Epilepsy is associated with a two- to three-fold increase in mortality among patients compared with the general population [1]. Sudden unexpected death in epilepsy (SUDEP) is one of the most frequent causes of death among patients with epilepsy [2]. There is strong evidence suggesting that sudden unexpected death in epilepsy (SUDEP) is a seizure-related phenomenon [3], [4], [5], [6]. The first description of this phenomenon was introduced by Russell in 1906 [7]. Since then, several cases have been reported in the literature presenting with a drop in heart rate or asystole during the seizure [8]. Bradycardia and asystole resulted from increased parasympathetic flow through the vagus nerve, which originates in the nucleus ambiguous and dorsal nucleus of the vagus in the medulla [9]. On the basis of one study, the incidence of SUDEP ranges from 1:1000 and 1:2000 person-years to 1:200 person-years [10], [11]. According to a recent revised definition, SUDEP consists of sudden, unexpected, witnessed or unwitnessed, nontraumatic and nondrowning death in patients with epilepsy, with or without evidence of a seizure, excluding documented status epilepticus (seizure duration > 30 min or seizures without recovery in between) and asphyxia; if postmortem examination does not reveal a cause of death, the diagnosis is definite SUDEP, and if there is a preexisting condition before or after autopsy, which could have contributed to the death, it is classified as SUDEP Plus [12]. Strong risk factors for SUDEP include young age, early onset of seizures, the presence of generalized tonic–clonic seizures, male sex, and bedtime occurrence. Less significant risk factors for SUDEP include the prone position, one or more subtherapeutic blood levels, sleep occurrence, and a structural brain lesion [13]. The underlying pathophysiologic mechanisms for SUDEP are not completely understood, but autonomic dysfunction [14]; ictal arrhythmias, ictal bradyarrhythmia, and asystole [15], [16]; neurogenic pulmonary edema [17]; and ictal central or obstructive apnea [18], [19], [20] were introduced in the literature. In this report, we describe two patients with seizure-associated asystole monitored by simultaneous video electroencephalography–electrocardiography.

Case 1

A thirteen-year-old right-handed male with seizure disorder was admitted for a presurgical assessment. There was a history of neonatal hypoglycemia during an apparently normal vaginal delivery. No history of birth injury was recorded. He was diagnosed with epilepsy at the age of 5–6 months. The first seizure was associated with secondary generalization. He was started on antiepileptic drugs, but the second seizure appeared six months later. He was symptom-free for 1 year.

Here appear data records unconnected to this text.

(* Let $\{a_i,b_i\}$, $i\in\mathbb N_+$, be pairwise disjoint two-element subsets of $U$, and let $\mathcal D_2$ be the edge-independent probabilistic graph in which $E(a_i,b_i)$ and $E(b_i,a_i)$ have marginal probability $p_{a_i,b_i}=p_{b_i,a_i}=1/i^2$ for each $i$ and all other facts have marginal probability $0$. Then $\mathcal D_2\notin\mathsf{CQ}(\mathsf{BID})$.
   Context: Fix a countably infinite universe $U$ equipped with a linear order. Facts are $R(u_1,\dots,u_{\mathrm{ar}(R)})$ with $R$ from a finite schema and $u_i\in U$; instances are finite sets of facts; $\mathrm{adom}(D)$ is the set of elements of $U$ occurring in $D$. A probabilistic database (PDB) is a discrete probability space $(\mathbb D,P)$ with $\mathbb D$ a nonempty countable set of instances; its possible worlds are the instances of positive probability, and $\mathrm{facts}(\mathcal D)$ is their union. A graph database is an instance over a single binary relation $E$; it is simple if it has no fact $E(a,a)$ and undirected if $E(a,b)\in D$ implies $E(b,a)\in D$. An edge-independent probabilistic graph is a PDB all of whose possible worlds are simple undirected graph databases and such that for every sequence of pairwise distinct two-element subsets $\{a_1,b_1\},\dots,\{a_k,b_k\}$ of $U$ the events $E(a_i,b_i)\in D$ are independent; it is determined by the marginals $p_{a,b}=\Pr(E(a,b)\in D)$. A PDB $\mathcal I$ is block-independent disjoint ($\mathsf{BID}$) if $\mathrm{facts}(\mathcal I)$ can be partitioned into blocks such that facts $f_1,\dots,f_k$ from pairwise different blocks satisfy $\Pr(f_1\in I,\dots,f_k\in I)=\prod_i\Pr(f_i\in I)$ and distinct facts $f,f'$ of the same block satisfy $\Pr(f\in I\text{ and }f'\in I)=0$. A conjunctive query is a formula built from relational atoms $R(\bar u)$ ($\bar u$ variables or constants) and equality atoms using only $\exists,\wedge$, evaluated under active domain semantics; a CQ-view consists of one CQ $\Phi_R(x_1,\dots,x_{\mathrm{ar}(R)})$ per output relation $R$, mapping $D$ to the instance of all $R(\bar a)$ with $\bar a$ over $\mathrm{adom}(D)\cup\mathrm{adom}(\Phi_R)$ and $D\models\Phi_R[\bar a]$. The image of a PDB under a view is the push-forward distribution; $\mathsf{CQ}(\mathsf{BID})$ is the class of images of BID-PDBs under CQ-views. *)

theory Defs
  imports "HOL-Probability.Probability" "HOL-Library.Infinite_Typeclass"
    "HOL-Library.Countable" "HOL-Library.Disjoint_Sets"
begin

Habitual seizures began at the age of 10. The seizures typically consisted of blurred vision and upward gaze followed by a loss of consciousness. Many times, there were secondary generalized tonic–clonic seizures. The results of physical and neurological exams were unremarkable. His MRI showed near symmetrical signal abnormality at parietooccipital regions bilaterally (parasagittal aspect) accompanied by mild gliosis and volume loss (Fig. 4). During monitoring, 5 clinical seizures with electrographic changes were recorded. In one episode, there was bilateral rhythmic activity maximum to the left associated with right-side clonic jerk and head and eye deviation to the right that secondarily generalized and was followed by 16 s of asystole at the end of the seizure (Fig. 1, Fig. 2, Fig. 3). Interictal abnormality consisted of bilateral spike-and-wave and bilateral slow activity maximum in the right posterior head region. At the end of monitoring, an anticonvulsant drug regimen of valproic acid and levetiracetam was started, and cardiology consultation was suggested.
Fig. 4

MRI of Case 1. Near symmetrical signal abnormality is present in the bilateral parietooccipital lobe parasagittal aspect accompanied by mild gliosis and volume loss. It is mostly detectable in the right side, and associated diffusion restriction is not present.

Fig. 1
Fig. 2
Fig. 3

Case 2

A 42-year-old right-handed male with seizure disorder was admitted for presurgical assessment. His epilepsy was due to penetrating head trauma in the left frontal lobe from a shell injury. Since then, he had been experiencing episodes of intense fear followed by generalized tonic–clonic movements. The attacks mostly occurred in sleep. These episodes recurred every 3–4 months. Neurologic examination included mild paresis in the right upper extremity and in the distal part of the right lower extremity in the range of 1–2/5. He had the Babinski sign in his right side. The gait was hemiparetic. Brain CT scan showed left parasagittal encephalomalacia (Fig. 8). During video-EEG monitoring, one seizure was recorded that was compatible with his habitual attacks. The very first clinical manifestation was after the initial EEG changes and consisted of a generalized tonic–clonic seizure with the last clonic jerk of the left arm. Afterwards, the SA arrest took place and lasted about 1 min (see Fig. 5, Fig. 6, Fig. 7). The very first EEG change started with 5-Hz spike–slow waves over the left parasagittal area with the maximum amplitude on C3 and F3. The interictal abnormality consisted of delta waves seen at P3, C3, and F3. Considering his cardiac arrest during the seizure, a cardiac consultation was done, and a pacemaker was implanted. During 24 months of antiepileptic regimen, the frequency of seizures was reduced remarkably. No cardiac problem was detected upon follow-up.
Fig. 8

Case 2: Brain CT scan showed left parasagittal encephalomalacia.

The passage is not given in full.